Received-SPF: pass (google.com: domain of linux-wireless-owner@vger.kernel.org designates 23.128.96.18 as permitted sender) client-ip=23.128.96.18;
Date:   Tue, 9 Feb 2021 14:55:31 -0500
From:   Steven Rostedt <rostedt@goodmis.org>
To:     Brian Norris <briannorris@chromium.org>
Cc:     Wen Gong <wgong@codeaurora.org>,
        ath10k <ath10k@lists.infradead.org>,
        linux-wireless <linux-wireless@vger.kernel.org>
Subject: Re: [PATCH] ath10k: change len of trace_ath10k_log_dbg_dump for
 large buffer size
Message-ID: <20210209145531.5977b16d@gandalf.local.home>
In-Reply-To: <CA+ASDXN1V2HYA7C6s-q5bQNSxE7L5GCJiqfiJ_67R_hpUn4b_g@mail.gmail.com>
References: <1612839593-2308-1-git-send-email-wgong@codeaurora.org>
        <CA+ASDXN1V2HYA7C6s-q5bQNSxE7L5GCJiqfiJ_67R_hpUn4b_g@mail.gmail.com>
MIME-Version: 1.0
Content-Type: text/plain; charset=US-ASCII
Content-Transfer-Encoding: 7bit
Precedence: bulk

On Tue, 9 Feb 2021 11:35:07 -0800
Brian Norris <briannorris@chromium.org> wrote:

> + Steven Rostedt

Thanks.

> 
> Hi Wen,
> 
> (Trimming down the description a bit:)
> 
> On Mon, Feb 8, 2021 at 6:59 PM Wen Gong <wgong@codeaurora.org> wrote:
> >
> > Kernel panic every time in kernel when running below case:
> > steps:
> > 1. connect to an AP with good signal strength
> > 2. echo 0x7f > /sys/kernel/debug/ieee80211/phy0/ath10k/pktlog_filter
> > 3. echo 0xffff 0 > /sys/kernel/debug/ieee80211/phy0/ath10k/fw_dbglog
> > 4. echo 0 > /sys/module/ath10k_core/parameters/debug_mask
> > 5. sudo trace-cmd record  -e ath10k
> > 6. run "iperf -c 192.168.1.1 -u -b 100m -i 1 -t 30"
> > 7. kernel panic immeditely
> >
> > It always crash at trace_event_raw_event_ath10k_xxx, below is 2 sample:  
> ...
> > The value of prog in filter_match_preds of kernel/trace/trace_events_filter.c
> > is overwrite to the content of the UDP packets's content like this
> > 0x0039383736353433, it is a invalid address, so crash.  
> ...
> > ath10k_htc_send_bundle_skbs allocate skb with size 49792(1556*32), it
> > is bigger than PAGE_SIZE which is normally 4096, then ath10k_sdio_write
> > call ath10k_dbg_dump to trace the large size skb and corrupt the trace
> > data of tracing and lead crash.

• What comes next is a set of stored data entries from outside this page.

(* Let $f \in \mathbb{Q}[X,Y]$ be square-free with $d := \deg_Y f \ge 2$ and with leading coefficient of $f$ with respect to $Y$ a nonzero rational constant. Let $\mathrm{Sr}_k(X,Y)=\sum_{j=0}^k \mathrm{sr}_{k,j}(X)Y^j$ ($0\le k\le d-1$) be the subresultant polynomials of $f$ and $\partial_Y f$ with respect to $Y$, and let $\Gamma_1,\dots,\Gamma_{d-1}\in\mathbb{Q}[X]$ be defined as in the context. Then the curve $\mathcal{C}(f)=\{(\alpha,\beta)\in\mathbb{R}^2 : f(\alpha,\beta)=0\}$ is in generic position for the $x$-direction if and only if for every $k\in\{1,\dots,d-1\}$ and every $i\in\{0,\dots,k-1\}$ the polynomial $$k(k-i)\,\mathrm{sr}_{k,i}(X)\,\mathrm{sr}_{k,k}(X)-(i+1)\,\mathrm{sr}_{k,k-1}(X)\,\mathrm{sr}_{k,i+1}(X)$$ is divisible by $\Gamma_k(X)$ in $\mathbb{Q}[X]$.
   Context: Subresultants: let $\mathbb{A}$ be an integral domain, $P=\sum_{i=0}^p a_iT^i$, $Q=\sum_{i=0}^q b_iT^i\in\mathbb{A}[T]$ with $a_pb_q\neq 0$ and $p>q$. For $0\le k\le q$, let $M_k(P,Q)$ be the $(p+q-2k)\times(p+q-k)$ matrix whose rows are the coefficient vectors, in the basis $1,T,\dots,T^{p+q-k-1}$ (columns indexed $0,\dots,p+q-k-1$), of $P,TP,\dots,T^{q-k-1}P$ followed by $Q,TQ,\dots,T^{p-k-1}Q$. For $0\le j\le k$, $\mathrm{sr}_{k,j}$ is the determinant of the square matrix formed by column $j$ followed by the last $p+q-2k-1$ columns (indices $k+1,\dots,p+q-k-1$) of $M_k(P,Q)$. The $k$-th subresultant polynomial is $\mathrm{Sr}_k=\sum_{j=0}^k\mathrm{sr}_{k,j}T^j$, and $\mathrm{sr}_{k,k}$ is its principal coefficient; $\mathrm{Sr}_0=\mathrm{sr}_{0,0}$ is the resultant. Here $\mathbb{A}=\mathbb{Q}[X]$, $T=Y$, $P=f$, $Q=\partial_Y f$. Define $\Phi_0(X)=\mathrm{sr}_{0,0}(X)/\gcd(\mathrm{sr}_{0,0}(X),\mathrm{sr}_{0,0}'(X))$ and for $i=1,\dots,d-1$: $\Phi_i=\gcd(\Phi_{i-1},\mathrm{sr}_{i,i})$, $\Gamma_i=\Phi_{i-1}/\Phi_i$ (gcds in $\mathbb{Q}[X]$, up to nonzero constants). Generic position for the $x$-direction: for every $\alpha\in\mathbb{C}$ there is at most one $\beta\in\mathbb{C}$ with $f(\alpha,\beta)=\partial_Yf(\alpha,\beta)=0$, and no asymptotic direction of the curve is parallel to the $y$-axis (the latter is automatic when the leading coefficient of $f$ in $Y$ is a nonzero constant). *)

theory Defs
  imports "Jordan_Normal_Form.Determinant"
    "HOL-Computational_Algebra.Polynomial_Factorial"
    "HOL-Computational_Algebra.Squarefree"
    "HOL-Computational_Algebra.Field_as_Ring"
    Complex_Main
begin

text \<open>Bivariate polynomials in Q[X,Y] are represented as rat poly poly:
  polynomials in the outer variable Y whose coefficients are in Q[X].\<close>

text \<open>The (k,j) subresultant coefficient sr_{k,j}(P,Q), p = degree P > q = degree Q:
  determinant of the square matrix of size p+q-2k formed by column j followed by
  columns k+1,...,p+q-k-1 of the matrix M_k(P,Q) whose rows are the coefficient
  vectors of P, TP, ..., T^(q-k-1) P, Q, TQ, ..., T^(p-k-1) Q.\<close>

definition subres_matrix :: "'a::comm_ring_1 poly \<Rightarrow> 'a poly \<Rightarrow> nat \<Rightarrow> nat \<Rightarrow> nat \<Rightarrow> 'a" where
  "subres_matrix P Q k r c =
     (if r < degree Q - k then (if r \<le> c then coeff P (c - r) else 0)
      else (if r - (degree Q - k) \<le> c then coeff Q (c - (r - (degree Q - k))) else 0))"

definition subres_coeff :: "'a::comm_ring_1 poly \<Rightarrow> 'a poly \<Rightarrow> nat \<Rightarrow> nat \<Rightarrow> 'a" where
  "subres_coeff P Q k j =
     (let n = degree P + degree Q - 2 * k
      in det (mat n n (\<lambda>(r, c). subres_matrix P Q k r (if c = 0 then j else k + c))))"

definition sr :: "rat poly poly \<Rightarrow> nat \<Rightarrow> nat \<Rightarrow> rat poly" where
  "sr f k j = subres_coeff f (pderiv f) k j"

fun Phi :: "rat poly poly \<Rightarrow> nat \<Rightarrow> rat poly" where
  "Phi f 0 = sr f 0 0 div gcd (sr f 0 0) (pderiv (sr f 0 0))"
| "Phi f (Suc i) = gcd (Phi f i) (sr f (Suc i) (Suc i))"

definition Gamma :: "rat poly poly \<Rightarrow> nat \<Rightarrow> rat poly" where
  "Gamma f i = Phi f (i - 1) div Phi f i"

definition eval2 :: "rat poly poly \<Rightarrow> complex \<Rightarrow> complex \<Rightarrow> complex" where
  "eval2 f a b = poly (map_poly (\<lambda>c. poly (map_poly of_rat c) a) f) b"

text \<open>Generic position for the x-direction: above each complex alpha there is at most one
  complex beta with f(alpha,beta) = df/dY(alpha,beta) = 0.  (The condition on vertical
  asymptotic directions is automatic under the standing hypothesis that the leading
  coefficient of f in Y is a nonzero constant.)\<close>
definition generic_position_x :: "rat poly poly \<Rightarrow> bool" where
  "generic_position_x f \<longleftrightarrow>
     (\<forall>a b1 b2. eval2 f a b1 = 0 \<and> eval2 (pderiv f) a b1 = 0 \<and>
                eval2 f a b2 = 0 \<and> eval2 (pderiv f) a b2 = 0 \<longrightarrow> b1 = b2)"

end

theory Submission
  imports Defs "Jordan_Normal_Form.Char_Poly"
begin

(* Let f in Q[X][Y] be squarefree of Y-degree d >= 2 with constant leading coefficient, and
   F_a = f(a, Y), G_a = dF_a/dY its specialisations at a complex number a.  Specialisation commutes
   with the subresultant construction, so sr_{k,j}(a) is the subresultant coefficient of F_a, G_a.

   1. Univariate subresultant theory (over any commutative ring, resp. a factorial domain): every
      common divisor of F and G divides Sr_k (Cramer's rule), sr_{g,g} <> 0 for g = deg gcd(F, G),
      and hence the first Sr_k with nonvanishing principal coefficient is a constant multiple of
      gcd(F, G).
   2. Univariate algebra: a degree-k polynomial is c (T + b)^k iff its coefficients satisfy the
      relations of the theorem; facts about simple roots over C and squarefree parts.
   3. The chain Phi_0, Phi_1, ...: Phi_0 has simple roots, exactly those of the resultant, and the
      roots of Gamma_k are the a with Phi_{k-1}(a) = 0 <> Phi_k(a); at such a, sr_{j,j}(a) = 0 for
      j < k and sr_{k,k}(a) <> 0, so Sr_k(a, Y) is a multiple of gcd(F_a, G_a) of degree k.
   Generic position says gcd(F_a, G_a) has only one root, i.e. Sr_k(a, Y) = c (Y + b)^k at the
   roots of Gamma_k, which is the divisibility condition since Gamma_k has simple roots.
   Conversely the divisibility makes Sr_k(a, Y) = c (Y + b)^k, and all common roots of F_a and G_a
   are roots of it, hence equal -b. *)

definition subres_poly :: "'a::comm_ring_1 poly \<Rightarrow> 'a poly \<Rightarrow> nat \<Rightarrow> 'a poly" where
  "subres_poly F G k = (\<Sum>j\<le>k. monom (subres_coeff F G k j) j)"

When disable the TX bundle of SDIO, it
> > does not crash, but TX bundle is for improve throughput, so it is enabled
> > by default. It is useless to call ath10k_dbg_dump to trace the large
> > bundled skb, so this patch trace the top part of large bundled skb.  
> ...
> > trace_event_raw_event_ath10k_log_dbg_dump is generated by compiler, it
> > call trace_event_buffer_reserve got get a struct pointer *entry, its
> > type is trace_event_raw_ath10k_log_dbg_dump which is also generated by
> > compiler, trace_event_buffer_reserve of kernel/trace/trace_events.c
> > call trace_event_buffer_lock_reserve to get ring_buffer_event.
> >
> > In function trace_event_buffer_lock_reserve of kernel/trace/trace.c,
> > the ring_buffer_time_stamp_abs is false and trace_file->flags is 0x40b
> > which is set bit of EVENT_FILE_FL_FILTERED by debugging, so it use the
> > temp buffer this_cpu_read(trace_buffered_event), and the buffer size
> > is 1 page size which allocatee in trace_buffered_event_enable by
> > alloc_pages_node, and then ath10k pass the buffer size > 1 page trigger
> > overflow and crash.
> >
> > Based on upper test, try and debugging, pass large buff size to function
> > trace_ath10k_log_dbg_dump cause crash, and it has ath10k_dbg in
> > ath10k_sdio_write to print the length of skb/buffer, it is not necessary
> > to trace all content of the large skb.  
> 
> Is this the same issue noted in this thread?
> 
> [for-next][PATCH 2/2] tracing: Use temp buffer when filtering events
> https://lore.kernel.org/lkml/f16b14066317f6a926b6636df6974966@codeaurora.org/

Note, that is only used when filtering happens, which doesn't appear to be
the case here.

> 
> It seems like we should still try to get that fixed somehow, even if
> the below change is fine on its own (it probably doesn't make sense to
> such a large amount of data via tracepoints). It would be unfortunate
> for next poor soul to hit the same issues, just because they wanted to
> dump a few KB.

Yeah, it was a design decision to cap the max size of events to just under
PAGE_SIZE. The ring buffer is broken up into pages (for zero copy
transfers to file systems and the network). Thus, no event is allowed to be
bigger than a page (and actually a bit smaller)

That said, it shouldn't have crashed, it should have just failed to record.

I'll test it out and see why it crashed.

-- Steve